- Dataset entries:
----------------
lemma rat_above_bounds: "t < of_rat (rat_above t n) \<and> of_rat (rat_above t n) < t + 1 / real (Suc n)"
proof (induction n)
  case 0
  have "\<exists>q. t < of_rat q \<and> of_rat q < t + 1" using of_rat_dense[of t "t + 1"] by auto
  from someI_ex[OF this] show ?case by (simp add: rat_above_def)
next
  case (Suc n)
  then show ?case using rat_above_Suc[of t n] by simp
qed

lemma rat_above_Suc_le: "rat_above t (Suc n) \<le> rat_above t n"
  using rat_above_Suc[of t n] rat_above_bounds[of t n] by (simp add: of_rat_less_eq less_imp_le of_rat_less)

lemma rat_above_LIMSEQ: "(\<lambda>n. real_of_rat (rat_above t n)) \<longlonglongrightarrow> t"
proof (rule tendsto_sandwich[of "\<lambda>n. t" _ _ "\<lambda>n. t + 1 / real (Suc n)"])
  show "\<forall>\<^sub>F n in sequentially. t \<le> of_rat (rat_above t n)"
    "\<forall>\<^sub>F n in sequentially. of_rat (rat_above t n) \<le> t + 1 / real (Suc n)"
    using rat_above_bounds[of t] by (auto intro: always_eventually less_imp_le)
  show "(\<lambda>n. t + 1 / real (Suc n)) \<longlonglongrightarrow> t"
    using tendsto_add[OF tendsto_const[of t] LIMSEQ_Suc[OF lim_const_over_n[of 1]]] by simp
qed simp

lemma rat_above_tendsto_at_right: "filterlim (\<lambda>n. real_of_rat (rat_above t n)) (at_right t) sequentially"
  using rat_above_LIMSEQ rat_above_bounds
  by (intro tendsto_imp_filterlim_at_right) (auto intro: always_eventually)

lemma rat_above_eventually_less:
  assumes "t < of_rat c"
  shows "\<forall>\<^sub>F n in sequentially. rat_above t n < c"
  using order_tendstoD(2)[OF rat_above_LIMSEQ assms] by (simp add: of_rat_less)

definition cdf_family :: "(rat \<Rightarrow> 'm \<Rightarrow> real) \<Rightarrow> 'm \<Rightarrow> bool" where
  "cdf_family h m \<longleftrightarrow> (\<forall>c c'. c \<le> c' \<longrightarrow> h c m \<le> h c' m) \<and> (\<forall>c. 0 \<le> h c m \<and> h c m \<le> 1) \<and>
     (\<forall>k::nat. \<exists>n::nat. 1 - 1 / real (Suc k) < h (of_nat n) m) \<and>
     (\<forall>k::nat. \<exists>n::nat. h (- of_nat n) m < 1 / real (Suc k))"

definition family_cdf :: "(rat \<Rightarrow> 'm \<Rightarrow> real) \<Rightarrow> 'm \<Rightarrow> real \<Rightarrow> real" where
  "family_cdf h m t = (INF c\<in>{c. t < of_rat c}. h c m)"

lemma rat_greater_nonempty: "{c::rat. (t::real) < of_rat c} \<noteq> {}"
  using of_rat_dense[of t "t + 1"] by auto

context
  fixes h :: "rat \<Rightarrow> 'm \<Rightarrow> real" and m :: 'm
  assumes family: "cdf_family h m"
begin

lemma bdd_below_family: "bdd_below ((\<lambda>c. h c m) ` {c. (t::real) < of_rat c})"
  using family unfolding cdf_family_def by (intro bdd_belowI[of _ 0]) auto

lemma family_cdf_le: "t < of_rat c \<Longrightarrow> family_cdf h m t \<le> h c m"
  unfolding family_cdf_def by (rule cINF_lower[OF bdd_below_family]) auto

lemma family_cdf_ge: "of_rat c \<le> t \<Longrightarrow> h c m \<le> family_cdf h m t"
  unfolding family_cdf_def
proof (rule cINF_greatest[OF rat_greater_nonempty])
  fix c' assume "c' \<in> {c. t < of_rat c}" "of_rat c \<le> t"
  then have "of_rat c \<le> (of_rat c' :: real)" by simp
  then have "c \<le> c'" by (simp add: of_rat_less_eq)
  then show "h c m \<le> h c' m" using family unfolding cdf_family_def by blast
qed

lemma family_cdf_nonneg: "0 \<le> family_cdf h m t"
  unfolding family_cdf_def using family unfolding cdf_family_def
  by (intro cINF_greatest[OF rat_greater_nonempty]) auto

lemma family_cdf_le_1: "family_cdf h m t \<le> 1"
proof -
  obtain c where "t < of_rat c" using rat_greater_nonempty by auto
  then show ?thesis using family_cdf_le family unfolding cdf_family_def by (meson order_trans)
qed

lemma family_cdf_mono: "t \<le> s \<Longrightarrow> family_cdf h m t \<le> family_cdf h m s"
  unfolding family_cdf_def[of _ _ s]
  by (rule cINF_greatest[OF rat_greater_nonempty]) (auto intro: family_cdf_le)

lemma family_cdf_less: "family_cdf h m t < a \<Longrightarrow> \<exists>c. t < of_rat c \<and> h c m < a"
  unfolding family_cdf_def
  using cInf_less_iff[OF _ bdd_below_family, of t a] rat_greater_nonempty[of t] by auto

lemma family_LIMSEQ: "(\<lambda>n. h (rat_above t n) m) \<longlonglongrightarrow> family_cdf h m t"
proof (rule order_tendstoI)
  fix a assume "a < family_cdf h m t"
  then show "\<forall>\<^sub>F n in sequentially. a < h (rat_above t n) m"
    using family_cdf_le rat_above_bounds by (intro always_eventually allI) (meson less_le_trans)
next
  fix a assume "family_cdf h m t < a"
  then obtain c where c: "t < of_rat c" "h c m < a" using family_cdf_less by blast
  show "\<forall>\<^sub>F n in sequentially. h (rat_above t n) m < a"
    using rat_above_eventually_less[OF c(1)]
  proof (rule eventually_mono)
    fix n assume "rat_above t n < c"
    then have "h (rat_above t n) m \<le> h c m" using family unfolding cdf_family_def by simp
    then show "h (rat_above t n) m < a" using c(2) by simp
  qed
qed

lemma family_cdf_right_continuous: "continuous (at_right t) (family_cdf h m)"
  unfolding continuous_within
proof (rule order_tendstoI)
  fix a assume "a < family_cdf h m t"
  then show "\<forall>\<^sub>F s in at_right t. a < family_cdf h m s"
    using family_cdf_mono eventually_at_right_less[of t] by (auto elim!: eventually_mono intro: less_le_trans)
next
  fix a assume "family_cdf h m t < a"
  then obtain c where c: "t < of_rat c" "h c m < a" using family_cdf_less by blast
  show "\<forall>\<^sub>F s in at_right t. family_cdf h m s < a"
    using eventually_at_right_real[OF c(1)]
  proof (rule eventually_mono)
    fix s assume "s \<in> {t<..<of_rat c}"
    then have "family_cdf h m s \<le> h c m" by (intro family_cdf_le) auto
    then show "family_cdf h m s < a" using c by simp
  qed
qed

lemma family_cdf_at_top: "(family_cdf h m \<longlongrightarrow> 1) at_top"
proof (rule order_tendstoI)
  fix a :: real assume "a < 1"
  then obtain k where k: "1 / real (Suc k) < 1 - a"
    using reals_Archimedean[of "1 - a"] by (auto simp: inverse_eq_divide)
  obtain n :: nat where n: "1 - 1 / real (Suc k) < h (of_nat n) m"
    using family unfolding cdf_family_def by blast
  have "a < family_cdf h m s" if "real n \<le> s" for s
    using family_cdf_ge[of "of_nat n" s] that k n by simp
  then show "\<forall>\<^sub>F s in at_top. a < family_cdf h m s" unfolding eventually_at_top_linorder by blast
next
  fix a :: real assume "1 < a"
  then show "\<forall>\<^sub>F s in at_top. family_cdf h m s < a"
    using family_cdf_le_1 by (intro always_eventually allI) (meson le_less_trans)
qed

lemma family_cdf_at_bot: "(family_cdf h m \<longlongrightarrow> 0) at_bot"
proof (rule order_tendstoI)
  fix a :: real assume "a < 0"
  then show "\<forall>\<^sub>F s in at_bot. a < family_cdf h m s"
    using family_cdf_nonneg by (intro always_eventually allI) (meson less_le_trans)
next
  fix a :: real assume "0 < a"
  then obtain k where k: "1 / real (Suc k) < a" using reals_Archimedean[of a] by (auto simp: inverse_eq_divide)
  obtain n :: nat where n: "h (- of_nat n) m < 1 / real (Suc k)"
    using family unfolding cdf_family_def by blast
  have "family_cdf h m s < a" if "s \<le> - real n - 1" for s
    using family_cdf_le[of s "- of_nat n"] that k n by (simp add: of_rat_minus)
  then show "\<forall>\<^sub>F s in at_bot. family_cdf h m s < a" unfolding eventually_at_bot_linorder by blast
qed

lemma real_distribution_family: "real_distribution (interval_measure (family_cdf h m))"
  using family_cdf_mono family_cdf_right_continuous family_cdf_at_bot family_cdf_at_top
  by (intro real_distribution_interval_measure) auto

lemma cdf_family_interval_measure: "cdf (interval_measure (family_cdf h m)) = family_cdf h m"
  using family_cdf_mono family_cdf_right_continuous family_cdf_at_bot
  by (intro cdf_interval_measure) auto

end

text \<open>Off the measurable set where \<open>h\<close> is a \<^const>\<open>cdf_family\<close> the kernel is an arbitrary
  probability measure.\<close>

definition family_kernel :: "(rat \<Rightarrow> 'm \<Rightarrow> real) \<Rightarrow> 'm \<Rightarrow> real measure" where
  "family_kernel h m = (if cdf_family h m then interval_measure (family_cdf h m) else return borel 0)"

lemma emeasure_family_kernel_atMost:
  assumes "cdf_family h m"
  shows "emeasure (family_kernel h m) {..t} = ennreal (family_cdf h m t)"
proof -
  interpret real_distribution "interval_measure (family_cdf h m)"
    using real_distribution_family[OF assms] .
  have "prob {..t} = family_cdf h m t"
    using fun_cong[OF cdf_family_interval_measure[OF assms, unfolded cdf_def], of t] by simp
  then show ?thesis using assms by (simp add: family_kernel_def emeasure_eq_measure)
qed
----------------
- Exercise aim:
Could you please copy the lines above exactly, beginning at the first and ending at the line that contains "using rat_above_Suc[of t n] rat_above_bounds[of"?

- Response to this exercise:
lemma rat_above_bounds: "t < of_rat (rat_above t n) \<and> of_rat (rat_above t n) < t + 1 / real (Suc n)"
proof (induction n)
  case 0
  have "\<exists>q. t < of_rat q \<and> of_rat q < t + 1" using of_rat_dense[of t "t + 1"] by auto
  from someI_ex[OF this] show ?case by (simp add: rat_above_def)
next
  case (Suc n)
  then show ?case using rat_above_Suc[of t n] by simp
qed

lemma rat_above_Suc_le: "rat_above t (Suc n) \<le> rat_above t n"
  using rat_above_Suc[of t n] rat_above_bounds[of t n] by (simp add: of_rat_less_eq less_imp_le of_rat_less)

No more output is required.